На другой день вечером я, смурная, бесцельно слоняюсь у нашей школы. Народу здесь много. Неплохой район, не какой-нибудь беспонтовый спальный массив из скучных, чёрт те каких серых коробок, а неизбитые модерновые новостройки с культурно-развлекательными учреждениями. На первых этажах – кофейни, бары, развивающие центры для детей, фитнес-клубы, бизнес-офисы, магазины, большой торговый центр неподалёку. Везде клумбы, зелень. Декоративная плитка вместо выщербленного и залатанного неровного асфальта. Специально выделенные дорожки для великов, самокатов и ролликов. Вечерами – огни цветных вывесок.

Припомнилось, как мама однажды показала мне окраину, где жила раньше – боже, вечером те́мень, днём серость, хрущобы, неопрятные гопники, пивные бутылки, загаженные ободранные подъезды. Она кивнула мне на одну старую пятиэтажку в порыжевшей полустершейся краске: вот, говорит, где я ютилась до встречи с твоим папой, в однушке. И прибавила:

– Вот смотрела на эту неприглядную беспросветность и бедность – каждый день… И как-то во мне созрело желание сбежать отсюда, я дала себе слово: этого не будет больше в моей жизни, больше никогда, никогда больше.

– Как у Скарлетт… – вставила я.

– Вот именно.

Я продолжаю кружить возле своей школы. Она довольно симпатично выглядит благодаря ремонту и облицовке, а сверху, почти под крышей – даже еще чуть-чуть зеркальной плитки добавлено. В школьном дворе – предканикулярное затишье. Малышню уже распустили, а выпускники постарше по уши увязли в ЕГЭ, им не до гульбы.

Вдруг какой-то холодок… Утыкаюсь взглядом – в сгоревшую халабуду в три этажа бывшего дома престарелых с выбитыми окнами. Она совсем близко, через дорогу от школы.

После разыгравшейся здесь смертельной драмы дом собираются не то реставрировать, не то сносить полностью.

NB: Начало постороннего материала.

lemma subspace_orth_compl: "subspace (orth_compl S)"
  unfolding orth_compl_def subspace_def by (simp add: g_simps)

lemma orthogonal_set_coeff:
  assumes "finite V" "orthogonal_set V" "u \<in> V"
  shows "g u (\<Sum>v\<in>V. c v *\<^sub>R v) = c u * g u u"
proof -
  have "g u (\<Sum>v\<in>V. c v *\<^sub>R v) = (\<Sum>v\<in>V. if v = u then c u * g u u else 0)"
    unfolding g_sum_right using assms(2,3) unfolding orthogonal_set_def by (intro sum.cong) auto
  also have "\<dots> = c u * g u u" using assms(1,3) by simp
  finally show ?thesis .
qed

lemma orthogonal_set_quad:
  assumes "finite V" "orthogonal_set V"
  shows "g (\<Sum>v\<in>V. c v *\<^sub>R v) (\<Sum>v\<in>V. c v *\<^sub>R v) = (\<Sum>v\<in>V. (c v)\<^sup>2 * g v v)"
  unfolding g_sum_left[of c V] using orthogonal_set_coeff[OF assms]
  by (intro sum.cong) (auto simp: power2_eq_square)

lemma orthogonal_set_independent:
  assumes "finite V" "orthogonal_set V" "\<forall>v\<in>V. g v v \<noteq> 0"
  shows "independent V"
proof (rule independent_if_scalars_zero[OF assms(1)])
  fix c x assume "(\<Sum>x\<in>V. c x *\<^sub>R x) = 0" and "x \<in> V"
  then show "c x = 0"
    using orthogonal_set_coeff[OF assms(1,2), of x c] assms(3) by (simp add: g_simps)
qed

text \<open>The sign \<open>\<sigma>\<close> covers the positive and the negative definite case at once.\<close>
lemma orthogonal_set_definite:
  assumes "finite V" "orthogonal_set V" "\<forall>v\<in>V. \<sigma> * g v v > 0" "x \<in> span V" "x \<noteq> 0"
  shows "\<sigma> * g x x > 0"
proof -
  obtain c where x: "x = (\<Sum>v\<in>V. c v *\<^sub>R v)" using assms(1,4) by (auto simp: span_finite)
  define t where "t v = (c v)\<^sup>2 * (\<sigma> * g v v)" for v
  have t_nonneg: "0 \<le> t v" if "v \<in> V" for v
  proof -
    have "0 \<le> \<sigma> * g v v" using assms(3) that by (simp add: less_imp_le)
    then show ?thesis unfolding t_def by (metis mult_nonneg_nonneg zero_le_power2)
  qed
  have "\<exists>v\<in>V. c v \<noteq> 0"
  proof (rule ccontr)
    assume "\<not> ?thesis"
    then have "x = 0" unfolding x by simp
    then show False using assms(5) by simp
  qed
  then obtain v where v: "v \<in> V" "c v \<noteq> 0" by blast
  have "(c v)\<^sup>2 > 0" "\<sigma> * g v v > 0" using assms(3) v by auto
  then have "t v > 0" unfolding t_def by (rule mult_pos_pos)
  then have "sum t V \<noteq> 0" using sum_nonneg_eq_0_iff[OF assms(1) t_nonneg] v(1) by force
  moreover have "\<sigma> * g x x = sum t V"
    unfolding x orthogonal_set_quad[OF assms(1,2)] t_def by (simp add: sum_distrib_left algebra_simps)
  moreover have "sum t V \<ge> 0" using t_nonneg by (simp add: sum_nonneg)
  ultimately show ?thesis by linarith
qed

lemma orthogonal_set_card_le_neg_index:
  assumes "finite V" "orthogonal_set V" "\<forall>v\<in>V. g v v < 0"
  shows "card V \<le> neg_index g"
proof -
  have "independent V" using orthogonal_set_independent assms by force
  then have "dim (span V) = card V" by (rule dim_span_eq_card_independent)
  moreover have "dim (span V) \<le> neg_index g"
    using orthogonal_set_definite[OF assms(1,2), of "-1"] assms(3)
    by (intro neg_index_ge) auto
  ultimately show ?thesis by simp
qed

lemma span_insert_unit:
  assumes "subspace S" "e \<in> S" "g e e = 1" "S \<inter> orth_compl {e} \<subseteq> span E"
  shows "S \<subseteq> span (insert e E)"
proof
  fix x assume x: "x \<in> S"
  have "x - g e x *\<^sub>R e \<in> S \<inter> orth_compl {e}" unfolding orth_compl_def
    using x assms(1-3) by (simp add: subspace_diff subspace_scale g_simps)
  then have "x - g e x *\<^sub>R e \<in> span (insert e E)"
    using assms(4) span_mono[of E "insert e E"] by auto
  moreover have "g e x *\<^sub>R e \<in> span (insert e E)" by (intro span_mul span_base) simp
  ultimately have "(x - g e x *\<^sub>R e) + g e x *\<^sub>R e \<in> span (insert e E)" by (rule span_add)
  then show "x \<in> span (insert e E)" by simp
qed

lemma gram_schmidt:
  assumes "subspace S" "\<forall>x\<in>S. x \<noteq> 0 \<longrightarrow> g x x > 0"
  obtains E where "finite E" "E \<subseteq> S" "S \<subseteq> span E" "\<forall>e\<in>E. g e e = 1" "orthogonal_set E"
  using assms
proof (induction "dim S" arbitrary: S thesis rule: less_induct)
  case less
  show ?case
  proof (cases "S \<subseteq> {0}")
    case True
    then show ?thesis by (intro less.prems(1)[of "{}"]) (auto simp: orthogonal_set_def)
  next
    case False
    then obtain s where s: "s \<in> S" "s \<noteq> 0" by auto
    have gs: "g s s > 0" using less.prems s by auto
    define e where "e = (1 / sqrt (g s s)) *\<^sub>R s"
    have ee: "g e e = 1" using gs by (simp add: e_def g_simps power2_eq_square[symmetric])
    have eS: "e \<in> S" using s less.prems(2) by (simp add: e_def subspace_scale)
    define S' where "S' = S \<inter> orth_compl {e}"
    have sub': "subspace S'"
      unfolding S'_def by (rule subspace_inter[OF less.prems(2) subspace_orth_compl])
    have "e \<notin> S'" using ee unfolding S'_def orth_compl_def by simp
    then have "S' \<subset> S" using eS unfolding S'_def by blast
    then have "dim S' < dim S" using dim_psubset[of S' S] sub' less.prems(2)
      by (simp add: span_eq_iff[THEN iffD2])
    moreover have "\<forall>x\<in>S'. x \<noteq> 0 \<longrightarrow> g x x > 0" using less.prems(3) unfolding S'_def by auto
    ultimately obtain E' where E': "finite E'" "E' \<subseteq> S'" "S' \<subseteq> span E'" "\<forall>e\<in>E'. g e e = 1"
        "orthogonal_set E'"
      using less.hyps[OF _ _ sub'] by blast
    show ?thesis
    proof (rule less.prems(1)[of "insert e E'"])
      show "finite (insert e E')" using E' by simp
      show "insert e E' \<subseteq> S" using E'(2) eS unfolding S'_def by auto
      show "S \<subseteq> span (insert e E')"
        using span_insert_unit[OF less.prems(2) eS ee E'(3)[unfolded S'_def]] .
      show "\<forall>e\<in>insert e E'. g e e = 1" using ee E'(4) by simp
      show "orthogonal_set (insert e E')"
        using E'(2,5) unfolding orthogonal_set_def S'_def orth_compl_def by (auto simp: g_sym)
    qed
  qed
qed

Перейдя дорогу, заглядываю во двор этого дома. Дом смотрится, как после бомбежки. И там сгорели люди. Кое-где на старых стенах видны повисшие лоскуты и островки уцелевших остатков выцветших обоев в мелкий цветочек, скрашивавших жизнь бывших обитателей, – это производит впечатление особенно унылое и безнадежное на фоне черной копоти. Меня приковывает балкон, на котором десять дней назад во время пожара я видела застывшую словно бы в летаргическом сне старушку. Где она? Что с ней стало? От балкона остался лишь каменный нижний выступ. Окно, точно рана с запекшейся серой кровью. И какое пустынное место – неухоженный двор, чахлые кусты.

В последнее время этот дом всё больше становился бельмом, зияющим на благопристойном облике новомодного района. С советских времен стоит. Иду, натыкаюсь на мусор, чуть ли не запинаюсь за выпавшую обгорелую раму, вижу матерчатый тапок с оплавленной резиновой подошвой. Вот вылинявшая серо-голубая наволочка, вот старый, не сгоревший, но заляпанный обрямканный халат. При взгляде на него мне не по себе, настолько он отдает больничной казёнщиной и неизбывной нищетой.

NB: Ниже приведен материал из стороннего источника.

(* Let $q$ be a prime power, $n\ge 1$, and $1\le k\le n(q-1)$. Then $C_{n,k}^q$ is self-dual (i.e. $C_{n,k}^q=(C_{n,k}^q)^\perp$) if and only if $q$ and $n$ are both odd and $k=\frac{n(q-1)}{2}$.
   Context: For a prime power $q$ and integers $n\ge 1$, $k\ge 0$, the projective Reed-Muller code $C_{n,k}^q\subseteq \mathbb{F}_q^N$, $N=\frac{q^{n+1}-1}{q-1}$, is defined as follows. For each point of $\mathbb{P}^n(\mathbb{F}_q)$ choose the affine representative $(p_0,\dots,p_n)\in\mathbb{F}_q^{n+1}\setminus\{0\}$ whose left-most nonzero coordinate equals $1$, and fix an ordering $P_1',\dots,P_N'$ of these representatives. Then $C_{n,k}^q=\{(F(P_1'),\dots,F(P_N')) : F\in \mathbb{F}_q[x_0,\dots,x_n]_k\}$, where $\mathbb{F}_q[x_0,\dots,x_n]_k$ is the space of homogeneous polynomials of degree $k$ together with $0$. Duals are taken with respect to the standard dot product on $\mathbb{F}_q^N$. *)

theory Defs
  imports Main
begin

definition hom_monos :: "nat \<Rightarrow> nat \<Rightarrow> (nat \<Rightarrow> nat) set" where
  "hom_monos n k = {e. (\<forall>i>n. e i = 0) \<and> (\<Sum>i\<le>n. e i) = k}"

definition hom_eval :: "nat \<Rightarrow> nat \<Rightarrow> ((nat \<Rightarrow> nat) \<Rightarrow> 'a::field) \<Rightarrow> (nat \<Rightarrow> 'a) \<Rightarrow> 'a" where
  "hom_eval n k c x = (\<Sum>e\<in>hom_monos n k. c e * (\<Prod>i\<le>n. x i ^ e i))"

(* Normalized representatives of points of P^n(F_q): left-most nonzero coordinate is 1. *)
definition proj_points :: "nat \<Rightarrow> (nat \<Rightarrow> 'a::field) set" where
  "proj_points n = {p. (\<forall>i>n. p i = 0) \<and> (\<exists>j\<le>n. p j = 1 \<and> (\<forall>i<j. p i = 0))}"

(* Ambient space F_q^N: functions on the point set (zero outside). *)
definition ambient :: "nat \<Rightarrow> ((nat \<Rightarrow> 'a::field) \<Rightarrow> 'a) set" where
  "ambient n = {v. \<forall>P. P \<notin> proj_points n \<longrightarrow> v P = 0}"

definition proj_RM :: "nat \<Rightarrow> nat \<Rightarrow> ((nat \<Rightarrow> 'a::field) \<Rightarrow> 'a) set" where
  "proj_RM n k = (\<lambda>c. \<lambda>P. if P \<in> proj_points n then hom_eval n k c P else 0) ` UNIV"

definition dot :: "nat \<Rightarrow> ((nat \<Rightarrow> 'a::field) \<Rightarrow> 'a) \<Rightarrow> ((nat \<Rightarrow> 'a) \<Rightarrow> 'a) \<Rightarrow> 'a" where
  "dot n u v = (\<Sum>P\<in>proj_points n. u P * v P)"

definition dual_code :: "nat \<Rightarrow> ((nat \<Rightarrow> 'a::field) \<Rightarrow> 'a) set \<Rightarrow> ((nat \<Rightarrow> 'a) \<Rightarrow> 'a) set" where
  "dual_code n C = {v \<in> ambient n. \<forall>c\<in>C. dot n v c = 0}"

end

theory Submission
  imports Defs "HOL-Library.Cardinality" "HOL-Library.FuncSet" "HOL-Computational_Algebra.Polynomial"
begin

(*
  Write q = Q + 1.  Summing a monomial over the normalized points of P^n gives products of power
  sums  sum_a a^m  over F_q, which equal -1 or 0 according as Q divides m > 0 or not; hence a form
  of degree d sums to 0 over the points whenever Q divides d and 0 < d <= nQ.  So C is
  self-orthogonal when 2k = nQ.  Conversely, if C is self-dual then every monomial of degree d
  with d = k, or with d + k a positive multiple of Q at most nQ, lies in C and so must be
  self-orthogonal; unless q and n are odd and 2k = nQ, one of  x_n^k,  1  and
  x_0^f (x_1 ... x_n)^(Q/2)  is not.
  For sufficiency, forms of degree k interpolate arbitrary values, by Newton interpolation chart
  by chart, on a set S of points built from grids  alpha(s_1), ..., alpha(s_d)  with parts
  s_i <= Q summing to less than k.  A counting identity for such bounded compositions shows that
  S contains exactly half of the points, so |C| >= q^|S| >= |C^perp|.
*)

section \<open>Power sums over a finite field\<close>

lemma of_nat_CARD_field [simp]: "(of_nat CARD('a) :: 'a::{finite,field}) = 0"
proof -
  have "(\<Sum>a::'a\<in>UNIV. a + 1) = (\<Sum>a\<in>UNIV. a)"
    by (rule sum.reindex_bij_witness[of _ "\<lambda>a. a - 1" "\<lambda>a. a + 1"]) auto
  then show ?thesis
    by (simp add: sum.distrib)
qed

lemma CARD_field_ge_2: "CARD('a::{finite,field}) \<ge> 2"
proof -
  have "card {0::'a, 1} \<le> CARD('a)"
    by (rule card_mono) auto
  then show ?thesis
    by simp
qed

lemma field_power_CARD_minus_1:
  fixes b :: "'a::{finite,field}"
  assumes "b \<noteq> 0"
  shows "b ^ (CARD('a) - 1) = 1"
proof -
  let ?U = "UNIV - {0::'a}"
  have "(\<Prod>a\<in>?U. b * a) = (\<Prod>a\<in>?U. a)"
    by (rule prod.reindex_bij_witness[of _ "\<lambda>a. a / b" "\<lambda>a. b * a"]) (use assms in auto)
  then have "b ^ card ?U * (\<Prod>a\<in>?U. a) = (\<Prod>a\<in>?U. a)"
    by (simp add: prod.distrib)
  then show ?thesis
    by (simp add: card_Diff_singleton)
qed

lemma field_power_eq_1_if_dvd:
  fixes b :: "'a::{finite,field}"
  assumes "b \<noteq> 0" "(CARD('a) - 1) dvd m"
  shows "b ^ m = 1"
  using assms field_power_CARD_minus_1[OF assms(1)] by (auto simp: power_mult)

Я всё думаю, что за странный обычай селить старых людей в подобных специальных домах. Разве человек в своем уме может отдать туда своих стариков! Папа, правда, как-то рассказывал, что в Германии, где он стажировался, это привычное дело. Но то в Германии. Там и жизнь побогаче, может, для стариков даже концерты для скрипки с оркестром в таких домах устраивают. А здесь… Ну как в здравом рассудке можно отправить свою бабушку или дедушку в такое место! А, выходит, отправляют. Значит, есть у нас такие оставленные старики, без надежды на помощь, которых сюда перемещают из их одиноких квартир. Значит, есть и заброшенные дома в глухих, никому не интересных, обезлюдевших затерянных, одичалых местностях, где жили старики до того, как оказались здесь. Вчера в один такой заглянула – по дороге на дачу к Яне. Но ведь и этот вот такой же – грязный, разорённый, осиротелый, обездушенный. Возможно, как раз именно так и выглядит душа покинутого и забытого человека.

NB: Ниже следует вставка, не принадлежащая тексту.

lemma mixture_prob_decoding_sets:
  fixes V :: "'x \<Rightarrow> 'y pmf" and q :: "'y pmf"
  assumes sub: "\<And>i. i \<in> {1..m} \<Longrightarrow> D i \<subseteq> {y. exp a * pmf q y < pmf (V (\<phi> i)) y}"
  shows "measure_pmf.prob q (\<Union>i\<in>{1..m}. D i) \<le> real m * exp (-a)"
proof -
  have "measure_pmf.prob q (\<Union>i\<in>{1..m}. D i) \<le> (\<Sum>i\<in>{1..m}. measure_pmf.prob q (D i))"
    by (rule measure_subadditive_finite) (auto simp: measure_pmf.emeasure_finite)
  also have "\<dots> \<le> (\<Sum>i\<in>{1..m}. exp (-a) * measure_pmf.prob (V (\<phi> i)) (D i))"
  proof (rule sum_mono)
    fix i assume i: "i \<in> {1..m}"
    show "measure_pmf.prob q (D i) \<le> exp (-a) * measure_pmf.prob (V (\<phi> i)) (D i)"
    proof (rule prob_le_scaled)
      fix y assume "y \<in> D i"
      hence "exp a * pmf q y < pmf (V (\<phi> i)) y" using sub[OF i] by auto
      thus "pmf q y \<le> exp (-a) * pmf (V (\<phi> i)) y" by (simp add: exp_minus field_simps)
    qed simp
  qed
  also have "\<dots> \<le> (\<Sum>i\<in>{1..m}. exp (-a))"
    by (rule sum_mono) simp
  finally show ?thesis by simp
qed

text \<open>Otherwise averaging over \<open>p\<close> contradicts the bound
  \<open>m e\<^sup>-\<^sup>a\<close> on the mixture probability of the union of the decoding sets.\<close>
lemma feinstein_step:
  fixes p :: "'x pmf" and V :: "'x \<Rightarrow> 'y pmf" and a :: real and M m :: nat
  defines "q \<equiv> bind_pmf p V"
  defines "B \<equiv> (\<lambda>x. {y. exp a * pmf q y < pmf (V x) y})"
  defines "\<epsilon> \<equiv> low_density_prob p V a + real M * exp (-a)"
  assumes mM: "m < M"
    and sub: "\<And>i. i \<in> {1..m} \<Longrightarrow> D i \<subseteq> B (\<phi> i)"
  shows "\<exists>x\<in>set_pmf p. 1 - \<epsilon> \<le> measure_pmf.prob (V x) (B x - (\<Union>i\<in>{1..m}. D i))"
proof (rule ccontr)
  define U where "U = (\<Union>i\<in>{1..m}. D i)"
  define bad where "bad = (\<lambda>x. measure_pmf.prob (V x) {y. pmf (V x) y \<le> exp a * pmf q y})"
  assume "\<not> ?thesis"
  hence lt: "\<And>x. x \<in> set_pmf p \<Longrightarrow> measure_pmf.prob (V x) (B x - U) \<le> 1 - \<epsilon>"
    unfolding U_def by force
  have split_B: "1 - bad x \<le> measure_pmf.prob (V x) (B x - U) + measure_pmf.prob (V x) U" for x
  proof -
    have "-B x = {y. pmf (V x) y \<le> exp a * pmf q y}"
      unfolding B_def by auto
    hence "1 - bad x = measure_pmf.prob (V x) (B x)"
      using prob_compl_pmf[of "V x" "B x"] unfolding bad_def by simp
    also have "\<dots> \<le> measure_pmf.prob (V x) ((B x - U) \<union> U)"
      by (rule measure_pmf.finite_measure_mono) auto
    also have "\<dots> \<le> measure_pmf.prob (V x) (B x - U) + measure_pmf.prob (V x) U"
      by (rule measure_Un_le) auto
    finally show ?thesis .
  qed
  have qU: "measure_pmf.prob q U \<le> real m * exp (-a)"
    unfolding U_def by (rule mixture_prob_decoding_sets[where V=V and \<phi>=\<phi>]) (use sub in \<open>auto simp: B_def\<close>)
  have "1 - measure_pmf.expectation p bad = measure_pmf.expectation p (\<lambda>x. 1 - bad x)"
    unfolding bad_def by (subst Bochner_Integration.integral_diff) auto
  also have "\<dots> \<le> measure_pmf.expectation p
      (\<lambda>x. measure_pmf.prob (V x) (B x - U) + measure_pmf.prob (V x) U)"
    by (rule integral_mono) (use split_B in \<open>auto simp: bad_def\<close>)
  also have "\<dots> = measure_pmf.expectation p (\<lambda>x. measure_pmf.prob (V x) (B x - U))
      + measure_pmf.prob q U"
    unfolding q_def prob_bind_pmf by (subst Bochner_Integration.integral_add) auto
  also have "\<dots> \<le> (1 - \<epsilon>) + real m * exp (-a)"
    by (rule add_mono[OF expectation_le_const qU]) (use lt in auto)
  finally have "\<epsilon> \<le> measure_pmf.expectation p bad + real m * exp (-a)" by simp
  moreover have "real m * exp (-a) < real M * exp (-a)" using mM by simp
  ultimately show False unfolding \<epsilon>_def bad_def low_density_prob_def q_def by simp
qed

Ходят слухи, пожар случился не просто так. Поговаривают о поджоге. Да и я на днях как раз слышала разговор об этом же – на кухне между родителями и Верой Николаевной. Вроде каким-то боком в этом замешан папин друг, дядя Олег. Но он, конечно, не при чем – так, как обычно, злые наветы да сплетни. Дядя Олег только замдиректора, точнее, один из замов. Хорошо его знаю. Не раз бывал у нас в гостях. Такой шкафанер под два метра. Веселый, шумный сангвиник-жизнелюб, обаятельный, общительный. Часто приносил с собой спелый арбуз и коньяк. Арбуз съедали мы с мамой. А коньячок – для них с папой.

Я возвращаюсь к выходу из калитки дома престарелых, снова дохожу до школы. Потом сворачиваю на главную улицу. А вот и окна офиса «Монолит-холдинг», фирмы, где работает дядя Олег. Стеклянный фасад здания. Первые два этажа с высокими потолками, стеклянными стенами, призванными, наверно, олицетворять прозрачность бизнеса. Там за стеклом – светло, уютно, кое-где по помещениям бродят сотрудники, несмотря на выходной. Офисный планктон, как их часто называют. Я жду словно бы какой-то подсказки от своей интуиции; именно сейчас я почему-то рассчитываю, что окна будут смотреться как-то по-особенному, к чему-то подтолкнут мою мысль. Но нет. Все так же обыденно, заурядно, как арбуз с коньячком.

Что блогер-то там писал? Земля дорогая – так. Дом престарелых, старики нищие, денег на их содержание поступает мало; тут можно разместить не жалкую трёхэтажку, а тридцатиэтажный дом с пентхаусом и верандой, с офисами на первых этажах… Да уж, земля хорошая – плодородная, удобренная пеплом пенсионеров. Что-то меня последнее время так и тянет на чёрный юмор. Отворачиваюсь.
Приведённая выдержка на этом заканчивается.